Thursday, October 28, 2010
Are the Greeks and Romans Just More Popular?
In my History 111 class we just finished Robert Harris' Imperium, a novel dealing with the life of Cicero. It proved to be a tremendous success. Harris deserves a lot of credit for crafting a suspenseful novel and making Cicero something more than just a giver of moralistic speeches. For the next book the class voted on The Spartans: The World of the Warrior-Heroes of Ancient Greece by Paul Cartledge. The Spartans ran over my other suggestions by an overwhelming majority. (The fact that a large percentage of the class has seen the movie 300 probably did not hurt.)
The book that I chose at the beginning of the quarter, Bart Ehrman's Peter, Paul and Mary Magdalene, received a respectful if unenthusiastic response. Students, though, were very enthusiastic about Cicero and ancient Rome and now there is a lot of interest in ancient Greece. So, as someone who specializes in medieval and early modern history, I raise the question: is Greco-Roman civilization really so much popular than anything else in Western History? Now do not get me wrong here. I have nothing against classical history. I try to interest students in history any way I can. If the Greeks and Romans intrigue students then I will teach an entire course about the Greeks and Romans.

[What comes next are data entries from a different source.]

text \<open>The limit in \<^const>\<open>upper_banach_density\<close> need not exist a priori; if no positive
  density is attained on long intervals, the densities tend to \<open>0\<close>, so the limit is \<open>0\<close>.\<close>
lemma upper_banach_density_pos_imp_dense:
  assumes "upper_banach_density B > 0"
  shows "\<exists>\<delta>>0. dense_on_long_intervals B \<delta>"
proof (rule ccontr)
  assume not_dense: "\<not> ?thesis"
  define X where "X = (\<lambda>N::nat. SUP M::int. real (card (B \<inter> {M..M + int N - 1})) / real N)"
  have le_1: "real (card (B \<inter> {M..M + int N - 1})) / real N \<le> 1" for M N
  proof (cases "N = 0")
    case False
    have "card (B \<inter> {M..M + int N - 1}) \<le> card {M..M + int N - 1}" by (intro card_mono) auto
    with False show ?thesis by simp
  qed simp
  have bdd: "bdd_above (range (\<lambda>M. real (card (B \<inter> {M..M + int N - 1})) / real N))" for N
    by (rule bdd_aboveI[where M = 1]) (auto intro: le_1)
  have X_nonneg: "X N \<ge> 0" for N
    unfolding X_def by (rule cSUP_upper2[OF bdd, of 0]) auto
  have "X \<longlonglongrightarrow> 0"
  proof (rule LIMSEQ_I)
    fix r :: real assume "r > 0"
    then have "\<not> dense_on_long_intervals B (r / 2)" using not_dense by simp
    then obtain K
      where K: "\<And>a N. N \<ge> K \<Longrightarrow> real (card (B \<inter> {a..a + int N - 1})) < r / 2 * real N"
      unfolding dense_on_long_intervals_def by (meson not_le)
    have "norm (X n - 0) < r" if n: "n \<ge> max K 1" for n
    proof -
      have "X n \<le> r / 2" unfolding X_def
      proof (rule cSUP_least)
        fix M :: int
        show "real (card (B \<inter> {M..M + int n - 1})) / real n \<le> r / 2"
          using K[of n M] n by (simp add: divide_simps)
      qed simp
      then show ?thesis using X_nonneg[of n] \<open>r > 0\<close> by simp
    qed
    then show "\<exists>n0. \<forall>n\<ge>n0. norm (X n - 0) < r" by blast
  qed
  then have "upper_banach_density B = 0"
    unfolding upper_banach_density_def X_def[symmetric] by (rule limI)
  with assms show False by simp
qed

lemma dense_on_long_intervals_residue_class:
  fixes L :: int
  assumes "L > 0" and dense: "dense_on_long_intervals B \<delta>"
  shows "\<exists>r. dense_on_long_intervals {b\<in>B. b mod L = r} (\<delta> / L)"
proof (rule ccontr)
  let ?B = "\<lambda>r. {b\<in>B. b mod L = r}"
  assume "\<not> ?thesis"
  then have "\<forall>r. \<exists>K. \<forall>a N. N \<ge> K \<longrightarrow> real (card (?B r \<inter> {a..a + int N - 1})) < \<delta> / L * real N"
    unfolding dense_on_long_intervals_def by (meson not_le)
  then obtain K where K: "\<And>r a N. N \<ge> K r \<Longrightarrow> real (card (?B r \<inter> {a..a + int N - 1})) < \<delta> / L * real N"
    by metis
  obtain a N where N: "N \<ge> (\<Sum>r\<in>{0..<L}. K r)" and card_ge: "real (card (B \<inter> {a..a + int N - 1})) \<ge> \<delta> * real N"
    using dense unfolding dense_on_long_intervals_def by blast
  let ?I = "{a..a + int N - 1}"
  have "B \<inter> ?I = (\<Union>r\<in>{0..<L}. ?B r \<inter> ?I)" using \<open>L > 0\<close> by auto
  then have "card (B \<inter> ?I) \<le> (\<Sum>r\<in>{0..<L}. card (?B r \<inter> ?I))"
    by (metis (no_types) card_UN_le finite_atLeastLessThan_int)
  then have "real (card (B \<inter> ?I)) \<le> (\<Sum>r\<in>{0..<L}. real (card (?B r \<inter> ?I)))"
    by (simp flip: of_nat_sum)
  also have "\<dots> < (\<Sum>r\<in>{0..<L}. \<delta> / L * real N)"
  proof (rule sum_strict_mono)
    fix r assume "r \<in> {0..<L}"
    then have "K r \<le> (\<Sum>r\<in>{0..<L}. K r)" by (intro member_le_sum) auto
    then have "K r \<le> N" using N by linarith
    then show "real (card (?B r \<inter> ?I)) < \<delta> / L * real N" by (rule K)
  qed (use \<open>L > 0\<close> in auto)
  also have "\<dots> = \<delta> * real N" using \<open>L > 0\<close> by simp
  finally show False using card_ge by simp
qed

Perhaps Greco-Roman history is more popular because of a perception that pagan Greeks and Romans were naughtier than medieval Christians. I am reminded of a political science teacher I once had who assured us that if we were offended by Aristophanes making jokes about farting gnats in The Clouds then we should wait till we get to the Church Fathers and the rate of such sophomoric humor will drop precipitously. As I see it, Christians are more interesting because they get to misbehave, feel guilty and be scared of going to hell all at the same time. Maybe the Greeks and Romans manage to avoid being controversial? It is possible that my Christian students do not want to do a class on Christianity out of a concern that I might start bashing their religion and secular students would just rather not hear about Christianity in the first place. Thus doing the Greeks and Romans avoids the problem for everyone.
So I put the question to my readers: in your experience is there a particular interest in Greece and Rome in our society above and beyond other areas of pre-modern history and if so what do you think is the reason for this?